I'm currently a piece of an open relationship, so I suppose that kind of counts =o I haven't really figured out what term would suit my role the best, but things are working out like this:
D and N are boyfriends, but have an open relationship. They just have to ask the other permission and stuff. However, they both have very different feelings towards sex, which is where I come into the picture. N has no interest in having sex with others and has a fairly low sex drive. On the other hand, D is comfortable having multiple partners and has a wicked sex drive. So, D often goes to other people so that they're both satisfied with what they get, so to speak.
This is where I come in. D and I are very close (we basically act like we're dating o3o), and we fuck like bunnies on crack. I have no idea what to refer to myself as though, since we're much closer than friends who occasionally knock boots, but I'm not his "other" boyfriend either.
...What...did...I...Just...read.
I do not mean that to be disrespectful, but this is an absolutely fascinating part of modern/new age culture I have yet to genuinely see that people actually practice and not get hurt.
I'm in a 100% monogamous marriage, waited to have sex until I was married...the whole gambit.
So seeing THIS is like "I want to learn." Not because I WANT to, but because I have taken psych classes on relationships and the professor only ever glosses over this sort of subject very quickly because they are either uncomfortable, do not support, or do not understand it.
I think if you guys are happy, do it. Just be careful...which you probably are. But...why? I know why I stay with only one person, but why would you want/or possibly want more than one? I want to understand this very diverse mindset. Your practices are very interesting and I wish happiness to all of you, and hope I have not offended you at all.
Why? Because it's how I've imagined developing relationships before I even knew polyamory was a thing. When I was 4 years old and had only been exposed to monogamy I was dreaming up my 'perfect life' and it included multiple, simultaneous life partnerships interspersed with temporary casual relationships. Those desires never changed, although as I grew up I tried to change them because they were taboo and I never thought I'd be able to actually have it. I feel more secure in a relationship when I know I have a partner in nurturing and caring for another partner. It feels like family to me. Moreso than monogamy ever has.
Very interesting viewpoint and stance on relationships. I guess in my area there are more activists for LBQT communities and not really a whole lot for poly's.
Which in either case, I don't think there needs to be activism because what you do in the sheets and in your private lives...is just that...PRIVATE. I just wish we did not live in a world where wrong and right is decided in the hands of man. That's God's job, y'know? I believe in Free Will.

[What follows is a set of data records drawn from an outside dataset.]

lemma crossing_perms_swap_pairs_split:
  assumes t: "t \<in> crossing_perms k"
  shows "t \<circ> swap_pairs k {i. i < k \<and> k \<le> t i} \<in> split_perms k"
proof -
  let ?E = "{i. i < k \<and> k \<le> t i}"
  have tp: "t permutes {..<2 * k}" and cr: "\<forall>i<k. (t i < k) \<noteq> (t (k + i) < k)"
    using t by (auto simp: crossing_perms_def)
  have "(t \<circ> swap_pairs k ?E) i < k" if i: "i < k" for i
  proof (cases "k \<le> t i")
    case True
    then have "t (k + i) < k" using cr i by auto
    then show ?thesis using True i by (simp add: swap_pairs_low add.commute)
  next
    case False
    then show ?thesis using i by (simp add: swap_pairs_low)
  qed
  then show ?thesis
    using permutes_compose[OF swap_pairs_permutes tp] by (simp add: split_perms_def)
qed

lemma bij_betw_swap_pairs:
  "bij_betw (\<lambda>(E, t). t \<circ> swap_pairs k E) (Pow {..<k} \<times> split_perms k) (crossing_perms k)"
  by (rule bij_betw_byWitness[where f' = "\<lambda>t. ({i. i < k \<and> k \<le> t i}, t \<circ> swap_pairs k {i. i < k \<and> k \<le> t i})"])
    (auto simp: split_perms_swap_pairs_upper swap_pairs_involution fun_eq_iff
      split_perms_swap_pairs_crossing crossing_perms_swap_pairs_split)

definition block_perm :: "nat \<Rightarrow> (nat \<Rightarrow> nat) \<Rightarrow> (nat \<Rightarrow> nat) \<Rightarrow> nat \<Rightarrow> nat" where
  "block_perm k a b x = (if x < k then a x else if x < 2 * k then k + b (x - k) else x)"

lemma block_perm_eq_map_permutation:
  assumes a: "a permutes {..<k}"
  shows "block_perm k a b = a \<circ> map_permutation {..<k} (\<lambda>x. x + k) b"
proof
  fix y
  show "block_perm k a b y = (a \<circ> map_permutation {..<k} (\<lambda>x. x + k) b) y"
  proof (cases "k \<le> y \<and> y < 2 * k")
    case True
    then have "y \<in> (\<lambda>x. x + k) ` {..<k}" by (auto intro!: image_eqI[of _ _ "y - k"])
    moreover have "inv_into {..<k} (\<lambda>x. x + k) y = y - k"
      using True by (intro inv_into_f_eq) (auto simp: inj_on_def)
    ultimately show ?thesis
      using True permutes_not_in[OF a]
      by (simp add: block_perm_def map_permutation_def restrict_id_def add.commute)
  next
    case False
    then have "y \<notin> (\<lambda>x. x + k) ` {..<k}" by auto
    then show ?thesis
      using False permutes_not_in[OF a]
      by (auto simp: block_perm_def map_permutation_def restrict_id_def)
  qed
qed

lemma block_perm_permutes_sign:
  assumes a: "a permutes {..<k}" and b: "b permutes {..<k}"
  shows "block_perm k a b permutes {..<2 * k}" and "sign (block_perm k a b) = sign a * sign b"
proof -
  let ?b = "map_permutation {..<k} (\<lambda>x. x + k) b"
  have "bij_betw (\<lambda>x. x + k) {..<k} ((\<lambda>x. x + k) ` {..<k})"
    by (auto simp: bij_betw_def inj_on_def)
  then have "?b permutes (\<lambda>x. x + k) ` {..<k}"
    by (rule map_permutation_permutes[OF _ b])
  then have b': "?b permutes {..<2 * k}"
    by (rule permutes_subset) auto
  have a': "a permutes {..<2 * k}"
    by (rule permutes_subset[OF a]) auto
  show "block_perm k a b permutes {..<2 * k}"
    unfolding block_perm_eq_map_permutation[OF a] by (rule permutes_compose[OF b' a'])
  have "sign ?b = sign b"
    by (rule sign_map_permutation[OF _ b]) (auto simp: inj_on_def)
  then show "sign (block_perm k a b) = sign a * sign b"
    unfolding block_perm_eq_map_permutation[OF a]
    by (simp add: sign_compose[OF permutes_imp_permutation[OF _ a'] permutes_imp_permutation[OF _ b']])
qed

definition low_part :: "nat \<Rightarrow> (nat \<Rightarrow> nat) \<Rightarrow> nat \<Rightarrow> nat" where
  "low_part k t x = (if x < k then t x else x)"

definition high_part :: "nat \<Rightarrow> (nat \<Rightarrow> nat) \<Rightarrow> nat \<Rightarrow> nat" where
  "high_part k t x = (if x < k then t (k + x) - k else x)"

lemma split_perms_parts_permute:
  assumes t: "t \<in> split_perms k"
  shows "low_part k t permutes {..<k}" and "high_part k t permutes {..<k}"
proof -
  have tp: "t permutes {..<2 * k}" and low: "\<forall>i<k. t i < k"
    using t by (auto simp: split_perms_def)
  have inj: "inj t" by (rule permutes_inj[OF tp])
  show "low_part k t permutes {..<k}"
    using low inj by (intro inj_on_endo_permutes) (auto simp: low_part_def inj_on_def inj_def)
  have high: "k \<le> t (k + x)" "t (k + x) < 2 * k" if "x < k" for x
    using that split_perms_high[OF t] permutes_in_image[OF tp, of "k + x"] by auto
  show "high_part k t permutes {..<k}"
  proof (rule inj_on_endo_permutes)
    show "inj_on (high_part k t) {..<k}"
    proof (rule inj_onI)
      fix x y assume "x \<in> {..<k}" "y \<in> {..<k}" "high_part k t x = high_part k t y"
      then have "t (k + x) = t (k + y)"
        using high(1)[of x] high(1)[of y] by (simp add: high_part_def)
      then show "x = y" using injD[OF inj] by fastforce
    qed
    show "high_part k t ` {..<k} \<subseteq> {..<k}"
    proof clarify
      fix x assume "x < k"
      then show "high_part k t x < k" using high[OF \<open>x < k\<close>] by (simp add: high_part_def)
    qed
  qed (auto simp: high_part_def)
qed

lemma parts_block_perm:
  assumes a: "a permutes {..<k}" and b: "b permutes {..<k}"
  shows "low_part k (block_perm k a b) = a" and "high_part k (block_perm k a b) = b"
  using permutes_not_in[OF a] permutes_not_in[OF b]
  by (auto simp: low_part_def high_part_def block_perm_def fun_eq_iff)

lemma block_perm_parts:
  assumes t: "t \<in> split_perms k"
  shows "block_perm k (low_part k t) (high_part k t) = t"
proof
  fix x
  have tp: "t permutes {..<2 * k}" using t by (simp add: split_perms_def)
  consider "x < k" | "k \<le> x" "x < 2 * k" | "\<not> x < 2 * k" by linarith
  then show "block_perm k (low_part k t) (high_part k t) x = t x"
  proof cases
    case 2
    then have "high_part k t (x - k) = t x - k"
      by (simp add: high_part_def)
    then show ?thesis
      using 2 split_perms_high[OF t, of x] by (simp add: block_perm_def)
  qed (simp_all add: block_perm_def low_part_def permutes_not_in[OF tp])
qed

But joyousness to you, and I hope your choices in love bring you fruitful memories and moments for all your lives. Blessings to all of your families and those you hold dear. Care for one another and do good to those you treasure-no matter what your style of love, life, or leisure may be.
I'd be really interested in a poly relationship. I don't get jealous/possessive and I have a tendency to get a bit overwhelmed with "dating obligations" (constant intimacy, spending time with someone, being physically affectionate, etc.) so it would probably be ideal for me to "share" a significant other with someone else who can contribute to the relationship in ways I can't. From what I heard, most people have trouble with poly relationships because they're always only open to it if they're at the center of the relationship (assuming the 3+ people aren't equally involved with each other) and get jealous otherwise.